▶ Activity: In the listing below, find the line containing "p_def using S A B" and the line containing "and C :: real". Repeat exactly those two lines and every line between them, nothing more.

▶ Dataset content:

(* Let $\gamma > \sqrt{2}$ and let $I$ be a $\gamma$-stable instance of the Euclidean Steiner tree problem with optimal Steiner tree $\mathrm{OPT}$. If $a_1, a_2$ are distinct terminals and $b$ is a Steiner point such that $a_1 b$ and $a_2 b$ are both edges of $\mathrm{OPT}$, then the angle $\theta = \angle a_1 b a_2$ satisfies $\theta > \pi/2$.
   Context: An instance of the Euclidean Steiner tree problem consists of a finite set $V \subset \mathbb{R}^d$, a set $T \subseteq V$ of terminals, and the complete graph on $V$ with edge weights $w_{uv} = \|u - v\|$. Points of $V \setminus T$ are Steiner points. A Steiner tree is a tree in this complete graph whose vertex set contains all of $T$; its weight is the sum of its edge weights. For $\gamma > 1$, the instance is $\gamma$-stable if it has a minimum-weight Steiner tree $\mathrm{OPT}$ such that for every $w' : V \times V \to \mathbb{R}_{\ge 0}$ with $w_{uv} \le w'_{uv} \le \gamma w_{uv}$ for all $u,v$, every minimum-weight Steiner tree with respect to $w'$ equals $\mathrm{OPT}$ (the $w'$ need not be Euclidean). $\angle a_1 b a_2 \in [0,\pi]$ is the angle at $b$ between the vectors $a_1 - b$ and $a_2 - b$. *)

theory Defs
  imports "HOL-Analysis.Analysis"
begin

text \<open>A (sub)tree of the complete graph on a vertex set V is a pair (S, E) with
  S the vertex set and E a set of edges, each edge a 2-element subset of S.\<close>

definition graph_edges :: "'a set \<Rightarrow> 'a set set" where
  "graph_edges S = {e. \<exists>u v. u \<in> S \<and> v \<in> S \<and> u \<noteq> v \<and> e = {u, v}}"
(* Let $(X,\mathcal{M})$ be a measurable space, $\Sigma$ a compact Hausdorff group with Haar probability measure $\mu_\Sigma$ acting measurably on $X$ via $T_\sigma$, and let $P,Q\in\mathcal{P}(X)$ be $\Sigma$-invariant (i.e. $P\circ T_\sigma^{-1}=P$, $Q\circ T_\sigma^{-1}=Q$ for all $\sigma\in\Sigma$). (i) If $\Gamma\subset\mathcal{M}_b(X)$ satisfies $S_\Sigma[\Gamma]\subset\Gamma$, then $D_f^\Gamma(Q\|P)=D_f^{\Gamma^{\mathrm{inv}}_\Sigma}(Q\|P)$ and $W^\Gamma(Q,P)=W^{\Gamma^{\mathrm{inv}}_\Sigma}(Q,P)$. (ii) If $\Gamma\subset\mathcal{M}_b(X)^2$ satisfies $S_\Sigma[\Gamma]\subset\Gamma$ (with $S_\Sigma$ applied componentwise) and the cost $c$ is $\Sigma$-invariant, i.e. $c(T_\sigma(x),T_\sigma(y))=c(x,y)$ for all $\sigma\in\Sigma$, $x,y\in X$, then $\mathcal{SD}^\Gamma_{c,\epsilon}(Q,P)=\mathcal{SD}^{\Gamma^{\mathrm{inv}}_\Sigma}_{c,\epsilon}(Q,P)$.
   Context: $\mathcal{M}_b(X)$: bounded measurable functions; $\mathcal{P}(X)$: probability measures. $S_\Sigma[\gamma](x)=\int_\Sigma\gamma(T_{\sigma}(x))\mu_\Sigma(d\sigma)$. For $\Gamma$ a set of functions (or tuples of functions), $\Gamma^{\mathrm{inv}}_\Sigma=\{\gamma\in\Gamma:\gamma\circ T_\sigma=\gamma\ \forall\sigma\in\Sigma\}$ (componentwise for tuples). Let $f:[0,\infty)\to\mathbb{R}$ be convex, lower semicontinuous, $f(1)=0$, strictly convex at $1$, with Legendre transform $f^*(y)=\sup_x\{yx-f(x)\}$. The $(f,\Gamma)$-divergence is $D_f^\Gamma(Q\|P)=\sup_{\gamma\in\Gamma}\{E_Q[\gamma]-\Lambda_f^P[\gamma]\}$ with $\Lambda_f^P[\gamma]=\inf_{\nu\in\mathbb{R}}\{\nu+E_P[f^*(\gamma-\nu)]\}$. The $\Gamma$-IPM is $W^\Gamma(Q,P)=\sup_{\gamma\in\Gamma}\{E_Q[\gamma]-E_P[\gamma]\}$. For a measurable cost $c:X\times X\to[0,\infty)$, $\epsilon>0$ and $\Gamma$ a set of pairs $(\gamma_1,\gamma_2)$, $W^\Gamma_{c,\epsilon}(Q,P)=\sup_{(\gamma_1,\gamma_2)\in\Gamma}\{E_P[\gamma_1]+E_Q[\gamma_2]-\epsilon E_{P\times Q}[\exp((\gamma_1\oplus\gamma_2-c)/\epsilon)]+\epsilon\}$ where $\gamma_1\oplus\gamma_2(x,y)=\gamma_1(x)+\gamma_2(y)$, and the Sinkhorn divergence is $\mathcal{SD}^\Gamma_{c,\epsilon}(Q,P)=W^\Gamma_{c,\epsilon}(Q,P)-\tfrac12 W^\Gamma_{c,\epsilon}(Q,Q)-\tfrac12 W^\Gamma_{c,\epsilon}(P,P)$. *)

theory Defs
  imports "HOL-Probability.Probability"
begin
(* (i) Let $\mathbf D:\mathbb{R}^{d\times N}\to\mathbb{R}^{d\times N}$ be $C^1$ with $\mathbf D(\mathbf T)\cdot\mathbf T\ge C_1|\mathbf T|-C_0$, $|\mathbf D(\mathbf T)|\le C_2$ and $h(|\mathbf T|)|\mathbf B|^2\le\sum\mathcal A_{i\nu j\mu}(\mathbf T)\mathbf B_{i\nu}\mathbf B_{j\mu}\le C_2|\mathbf B|^2/(1+|\mathbf T|)$ for all $\mathbf T,\mathbf B$, where $\mathcal A_{i\nu j\mu}=\partial\mathbf D_{i\nu}/\partial\mathbf T_{j\mu}$, $C_0\ge0$, $C_1,C_2>0$, and $h$ is positive, nonincreasing and continuous. Let $\Omega\subset\mathbb{R}^d$ be a bounded domain and $\mathbf u_0\in W^{1,\infty}(\Omega)^N$. Then the following are equivalent: (a) there is a compact set $K$ contained in the interior of $\mathbf D(\mathbb{R}^{d\times N})$ with $\nabla\mathbf u_0(x)\in K$ for a.e. $x\in\Omega$; (b) there is $c>0$ with $$c\le\liminf_{n\to\infty}\Big(\operatorname*{ess\,inf}_{x\in\Omega}\ \inf_{\mathbf T\in\mathbb{R}^{d\times N},|\mathbf T|=1}(\mathbf D(n\mathbf T)-\nabla\mathbf u_0(x))\cdot\mathbf T\Big).$$ (ii) Analogously, let $\boldsymbol\varepsilon^*:\mathbb{R}^{d\times d}_{sym}\to\mathbb{R}^{d\times d}_{sym}$ be $C^1$ with $\boldsymbol\varepsilon^*(\mathbf T)\cdot\mathbf T\ge C_1|\mathbf T|-C_0$, $|\boldsymbol\varepsilon^*(\mathbf T)|\le C_2$ and $h(|\mathbf T|)|\mathbf B|^2\le\sum\mathcal A_{ijkl}(\mathbf T)\mathbf B_{ij}\mathbf B_{kl}\le C_2|\mathbf B|^2/(1+|\mathbf T|)$ for all symmetric $\mathbf T,\mathbf B$, where $\mathcal A_{ijkl}=\partial\boldsymbol\varepsilon^*_{ij}/\partial\mathbf T_{kl}$. For $\mathbf u_0\in W^{1,1}(\Omega)^d$ the following are equivalent: (a') $\boldsymbol\varepsilon(\mathbf u_0)(x)$ lies for a.e. $x$ in a compact set $K$ contained in the interior of $\boldsymbol\varepsilon^*(\mathbb{R}^{d\times d}_{sym})$; (b') there is $c>0$ with $c\le\liminf_{n\to\infty}\big(\operatorname*{ess\,inf}_{x\in\Omega}\inf_{\mathbf T\in\mathbb{R}^{d\times d}_{sym},|\mathbf T|=1}(\boldsymbol\varepsilon^*(n\mathbf T)-\boldsymbol\varepsilon(\mathbf u_0)(x))\cdot\mathbf T\big)$.
   Context: $\mathbf A\cdot\mathbf B$ is the Frobenius inner product and $|\cdot|$ the Euclidean norm of matrices; $\boldsymbol\varepsilon(\mathbf u)=\frac12(\nabla\mathbf u+(\nabla\mathbf u)^T)$; $\mathbb{R}^{d\times d}_{sym}$ is the space of symmetric matrices. *)

theory Defs
  imports "HOL-Analysis.Analysis"
begin

fun Ck :: "nat \<Rightarrow> ('a::euclidean_space \<Rightarrow> real) \<Rightarrow> bool" where
  "Ck 0 f = continuous_on UNIV f"
| "Ck (Suc k) f = (f differentiable_on UNIV \<and>
      (\<forall>i\<in>Basis. Ck k (\<lambda>x. frechet_derivative f (at x) i)))"

definition smooth_fun :: "('a::euclidean_space \<Rightarrow> real) \<Rightarrow> bool" where
  "smooth_fun f \<longleftrightarrow> (\<forall>k. Ck k f)"

definition test_fun :: "('a::euclidean_space) set \<Rightarrow> ('a \<Rightarrow> real) \<Rightarrow> bool" where
  "test_fun \<Omega> \<phi> \<longleftrightarrow> smooth_fun \<phi> \<and> compact (closure {x. \<phi> x \<noteq> 0})
      \<and> closure {x. \<phi> x \<noteq> 0} \<subseteq> \<Omega>"

text \<open>Weak gradient: (grad u)_{i nu} = d_i u_nu, stored as G x $ i $ nu.\<close>
definition weak_gradient ::
  "(real^'d) set \<Rightarrow> (real^'d \<Rightarrow> real^'n) \<Rightarrow> (real^'d \<Rightarrow> real^'n^'d) \<Rightarrow> bool" where
  "weak_gradient \<Omega> u G \<longleftrightarrow>
     (\<forall>K. compact K \<and> K \<subseteq> \<Omega> \<longrightarrow> integrable (lebesgue_on K) u \<and> integrable (lebesgue_on K) G)
   \<and> (\<forall>\<phi> i \<nu>. test_fun \<Omega> \<phi> \<longrightarrow>
        integral\<^sup>L (lebesgue_on \<Omega>) (\<lambda>x. u x $ \<nu> * frechet_derivative \<phi> (at x) (axis i 1))
        = - integral\<^sup>L (lebesgue_on \<Omega>) (\<lambda>x. G x $ i $ \<nu> * \<phi> x))"

definition Linf :: "('a::euclidean_space) set \<Rightarrow> ('a \<Rightarrow> 'b::euclidean_space) \<Rightarrow> bool" where
  "Linf \<Omega> f \<longleftrightarrow> f \<in> borel_measurable (lebesgue_on \<Omega>) \<and>
     (\<exists>M. AE x in lebesgue_on \<Omega>. norm (f x) \<le> M)"

definition W1inf :: "(real^'d) set \<Rightarrow> (real^'d \<Rightarrow> real^'n) \<Rightarrow> bool" where
  "W1inf \<Omega> u \<longleftrightarrow> Linf \<Omega> u \<and> (\<exists>G. weak_gradient \<Omega> u G \<and> Linf \<Omega> G)"

definition W11 :: "(real^'d) set \<Rightarrow> (real^'d \<Rightarrow> real^'n) \<Rightarrow> bool" where
  "W11 \<Omega> u \<longleftrightarrow> integrable (lebesgue_on \<Omega>) u \<and>
     (\<exists>G. weak_gradient \<Omega> u G \<and> integrable (lebesgue_on \<Omega>) G)"

definition essinf :: "'a measure \<Rightarrow> ('a \<Rightarrow> ereal) \<Rightarrow> ereal" where
  "essinf M f = Sup {z. AE x in M. z \<le> f x}"

definition Sym :: "(real^'d^'d) set" where
  "Sym = {T. transpose T = T}"

definition sym_grad :: "(real^'d \<Rightarrow> real^'d^'d) \<Rightarrow> real^'d \<Rightarrow> real^'d^'d" where
  "sym_grad G x = (1/2) *\<^sub>R (G x + transpose (G x))"

end

theory Submission
  imports Defs
begin

text \<open>Monotonicity (from the positive semidefinite derivative) makes \<open>n \<mapsto> E(nT)\<cdot>T\<close> nondecreasing;
  call its supremum the asymptotic slope \<open>g(T)\<close>. If \<open>y\<close> lies in the interior of the range,
  testing monotonicity against a preimage of \<open>y + \<rho>T/2\<close> shows \<open>(E(nT) - y)\<cdot>T > 0\<close> for
  large \<open>n\<close>, and a Dini argument makes this uniform over the unit sphere times a compact \<open>K\<close>.
  Conversely, a uniform margin \<open>c\<close> confines the gradient to the compact set
  \<open>{y. T\<cdot>y \<le> g(T) - c for all unit T}\<close>; near each of its points \<open>z\<close> the map is coercive on a
  large sphere, hence \<open>z\<close> is attained by Brouwer's fixed point theorem.\<close>

lemma eventually_uniformly_positive_compact:
  fixes F :: "nat \<Rightarrow> 'a::metric_space \<Rightarrow> real"
  assumes C: "compact C" and cont: "\<And>m. continuous_on C (F m)"
    and mono: "\<And>x m n. x \<in> C \<Longrightarrow> m \<le> n \<Longrightarrow> F m x \<le> F n x"
    and pos: "\<And>x. x \<in> C \<Longrightarrow> \<exists>m. F m x > 0"
  shows "\<exists>r>0. \<exists>N. \<forall>n\<ge>N. \<forall>x\<in>C. F n x \<ge> r"
proof (rule ccontr)
  assume "\<not> ?thesis"
  hence "\<forall>k::nat. \<exists>n\<ge>k. \<exists>x\<in>C. F n x < 1 / (real k + 1)"
    by (metis divide_pos_pos linorder_not_le of_nat_0_le_iff zero_less_one add_nonneg_pos)
  then obtain nn xx where nn: "\<And>k. nn k \<ge> k" and xx: "\<And>k. xx k \<in> C"
     and lt: "\<And>k. F (nn k) (xx k) < 1 / (real k + 1)"
    by metis
  from C xx obtain l \<sigma> where l: "l \<in> C" and \<sigma>: "strict_mono \<sigma>" and lim: "(xx \<circ> \<sigma>) \<longlonglongrightarrow> l"
    unfolding compact_def by metis
  obtain m where m: "F m l > 0" using pos[OF l] by blast
  have "((\<lambda>k. F m (xx (\<sigma> k))) \<longlongrightarrow> F m l) sequentially"
    using continuous_on_tendsto_compose[OF cont[of m] lim[unfolded comp_def] l] xx by auto
  hence ev_near: "eventually (\<lambda>k. F m (xx (\<sigma> k)) > F m l / 2) sequentially"
    using m by (intro order_tendstoD(1)) auto
  have "((\<lambda>k. 1 / (real (\<sigma> k) + 1)) \<longlongrightarrow> 0) sequentially"
    using LIMSEQ_subseq_LIMSEQ[OF LIMSEQ_inverse_real_of_nat \<sigma>]
    by (simp add: comp_def inverse_eq_divide add.commute)
  hence ev_small: "eventually (\<lambda>k. 1 / (real (\<sigma> k) + 1) < F m l / 2) sequentially"
    using m by (intro order_tendstoD(2)) auto
  have ev_late: "eventually (\<lambda>k. m \<le> \<sigma> k) sequentially"
    unfolding eventually_sequentially using seq_suble[OF \<sigma>] order_trans by blast
  from eventually_happens'[OF _ eventually_conj[OF ev_near eventually_conj[OF ev_small ev_late]]]
  obtain k where k: "F m (xx (\<sigma> k)) > F m l / 2" "1 / (real (\<sigma> k) + 1) < F m l / 2" "m \<le> \<sigma> k"
    by auto
  have "F m (xx (\<sigma> k)) \<le> F (nn (\<sigma> k)) (xx (\<sigma> k))"
    using mono[OF xx, of m "nn (\<sigma> k)"] nn[of "\<sigma> k"] k(3) by auto
  with lt[of "\<sigma> k"] k show False by linarith
qed

lemma coercive_on_sphere_imp_in_image:
  fixes E :: "'a::euclidean_space \<Rightarrow> 'a"
  assumes S: "subspace S" and ES: "\<And>T. T \<in> S \<Longrightarrow> E T \<in> S" and cont: "continuous_on S E"
    and z: "z \<in> S" and R: "R > 0"
    and coercive: "\<And>T. T \<in> S \<Longrightarrow> norm T = R \<Longrightarrow> inner (E T - z) T > 0"
  shows "z \<in> E ` S"
proof (rule ccontr)
  assume "z \<notin> E ` S"
  hence ne: "\<And>T. T \<in> S \<Longrightarrow> E T - z \<noteq> 0" by force
  define B where "B = S \<inter> cball 0 R"
  \<comment> \<open>A fixed point of \<open>f\<close> on the sphere would make \<open>(E T - z)\<cdot>T\<close> negative.\<close>
  define f where "f T = - (R / norm (E T - z)) *\<^sub>R (E T - z)" for T
  have norm_f: "norm (f T) = R" if "T \<in> S" for T
    unfolding f_def using ne[OF that] R by simp
  have "compact B" unfolding B_def
    using closed_subspace[OF S] by (simp add: closed_Int_compact)
  moreover have "convex B" unfolding B_def using subspace_imp_convex[OF S] by (simp add: convex_Int)
  moreover have "B \<noteq> {}" unfolding B_def using subspace_0[OF S] R by auto
  moreover have "continuous_on B f" unfolding f_def B_def
    by (intro continuous_intros continuous_on_subset[OF cont]) (use ne in auto)
  moreover have "f \<in> B \<rightarrow> B"
  proof
    fix T assume "T \<in> B"
    hence TS: "T \<in> S" by (simp add: B_def)
    have "f T \<in> S" unfolding f_def using ES[OF TS] z S
      by (intro subspace_neg subspace_scale subspace_diff) auto
    with norm_f[OF TS] show "f T \<in> B" by (simp add: B_def)
  qed
  ultimately obtain T where T: "T \<in> B" "f T = T" by (rule brouwer)
  hence TS: "T \<in> S" by (simp add: B_def)
  have norm_T: "norm T = R" using norm_f[OF TS] T(2) by simp
  have "inner (E T - z) T = inner (E T - z) (f T)" using T(2) by simp
  also have "\<dots> = - (R / norm (E T - z)) * (norm (E T - z))\<^sup>2"
    unfolding f_def by (simp add: power2_norm_eq_inner)
  also have "\<dots> = - R * norm (E T - z)" using ne[OF TS] by (simp add: power2_eq_square)
  also have "\<dots> < 0" using ne[OF TS] R by simp
  finally show False using coercive[OF TS norm_T] by simp
qed

lemma monotone_if_derivative_nonneg:
  fixes E :: "'a::euclidean_space \<Rightarrow> 'a" and E' :: "'a \<Rightarrow> 'a \<Rightarrow>\<^sub>L 'a"
  assumes S: "subspace S"
    and der: "\<forall>T\<in>S. (E has_derivative blinfun_apply (E' T)) (at T within S)"
    and nonneg: "\<forall>T\<in>S. \<forall>B\<in>S. inner (blinfun_apply (E' T) B) B \<ge> 0"
    and A: "A \<in> S" and B: "B \<in> S"
  shows "inner (E A - E B) (A - B) \<ge> 0"
proof -
  define p where "p t = B + t *\<^sub>R (A - B)" for t :: real
  have pS: "p t \<in> S" for t unfolding p_def using S A B
    by (intro subspace_add subspace_scale subspace_diff) auto
  have ABS: "A - B \<in> S" using S A B by (simp add: subspace_diff)
  have dp: "(p has_derivative (\<lambda>s. s *\<^sub>R (A - B))) (at t)" for t
    unfolding p_def by (auto intro!: derivative_eq_intros)
  have dEp: "((\<lambda>t. E (p t)) has_derivative (\<lambda>s. blinfun_apply (E' (p t)) (s *\<^sub>R (A - B)))) (at t)" for t
    using has_derivative_in_compose2[of S E "\<lambda>x. blinfun_apply (E' x)" p UNIV t, OF _ _ _ dp] der pS
    by auto
  have dg: "((\<lambda>t. inner (E (p t)) (A - B)) has_real_derivative
          inner (blinfun_apply (E' (p t)) (A - B)) (A - B)) (at t)" for t
    by (rule has_derivative_imp_has_field_derivative[OF has_derivative_inner_left[OF dEp]])
      (simp add: blinfun.scaleR_right)
  have "inner (E (p 0)) (A - B) \<le> inner (E (p 1)) (A - B)"
    by (rule DERIV_nonneg_imp_nondecreasing[of 0 1]) (use dg nonneg pS ABS in auto)
  thus ?thesis unfolding p_def by (simp add: inner_diff_left)
qed

locale bounded_monotone_map =
  fixes S :: "'a::euclidean_space set" and E :: "'a \<Rightarrow> 'a" and C :: real
  assumes subspace: "subspace S" and maps_into: "\<And>T. T \<in> S \<Longrightarrow> E T \<in> S"
    and continuous: "continuous_on S E"
    and monotone: "\<And>A B. A \<in> S \<Longrightarrow> B \<in> S \<Longrightarrow> inner (E A - E B) (A - B) \<ge> 0"
    and bounded: "\<And>T. T \<in> S \<Longrightarrow> norm (E T) \<le> C"
begin

lemma scaleR_mem: "T \<in> S \<Longrightarrow> a *\<^sub>R T \<in> S"
  using subspace by (simp add: subspace_scale)

lemma bound_nonneg: "0 \<le> C"
  using bounded[OF subspace_0[OF subspace]] norm_ge_zero order_trans by blast

lemma compact_unit_sphere: "compact {T\<in>S. norm T = 1}"
proof -
  have "{T\<in>S. norm T = 1} = S \<inter> sphere 0 1" by auto
  thus ?thesis using closed_subspace[OF subspace] by (simp add: closed_Int_compact)
qed

lemma inner_scaled_mono:
  assumes T: "T \<in> S" and mn: "m \<le> n"
  shows "inner (E (real m *\<^sub>R T)) T \<le> inner (E (real n *\<^sub>R T)) T"
proof -
  have "0 \<le> inner (E (real n *\<^sub>R T) - E (real m *\<^sub>R T)) (real n *\<^sub>R T - real m *\<^sub>R T)"
    by (rule monotone) (auto intro: scaleR_mem T)
  also have "\<dots> = (real n - real m) * inner (E (real n *\<^sub>R T) - E (real m *\<^sub>R T)) T"
    by (simp add: scaleR_diff_left[symmetric] del: scaleR_diff_left)
  finally have "m < n \<Longrightarrow> 0 \<le> inner (E (real n *\<^sub>R T) - E (real m *\<^sub>R T)) T"
    by (simp add: zero_le_mult_iff)
  thus ?thesis using mn by (cases "m = n") (auto simp: inner_diff_left)
qed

▶ Result for this exercise:
  have pS: "p t \<in> S" for t unfolding p_def using S A B
    by (intro subspace_add subspace_scale subspace_diff) auto
  have ABS: "A - B \<in> S" using S A B by (simp add: subspace_diff)
  have dp: "(p has_derivative (\<lambda>s. s *\<^sub>R (A - B))) (at t)" for t
    unfolding p_def by (auto intro!: derivative_eq_intros)
  have dEp: "((\<lambda>t. E (p t)) has_derivative (\<lambda>s. blinfun_apply (E' (p t)) (s *\<^sub>R (A - B)))) (at t)" for t
    using has_derivative_in_compose2[of S E "\<lambda>x. blinfun_apply (E' x)" p UNIV t, OF _ _ _ dp] der pS
    by auto
  have dg: "((\<lambda>t. inner (E (p t)) (A - B)) has_real_derivative
          inner (blinfun_apply (E' (p t)) (A - B)) (A - B)) (at t)" for t
    by (rule has_derivative_imp_has_field_derivative[OF has_derivative_inner_left[OF dEp]])
      (simp add: blinfun.scaleR_right)
  have "inner (E (p 0)) (A - B) \<le> inner (E (p 1)) (A - B)"
    by (rule DERIV_nonneg_imp_nondecreasing[of 0 1]) (use dg nonneg pS ABS in auto)
  thus ?thesis unfolding p_def by (simp add: inner_diff_left)
qed

locale bounded_monotone_map =
  fixes S :: "'a::euclidean_space set" and E :: "'a \<Rightarrow> 'a" and C :: real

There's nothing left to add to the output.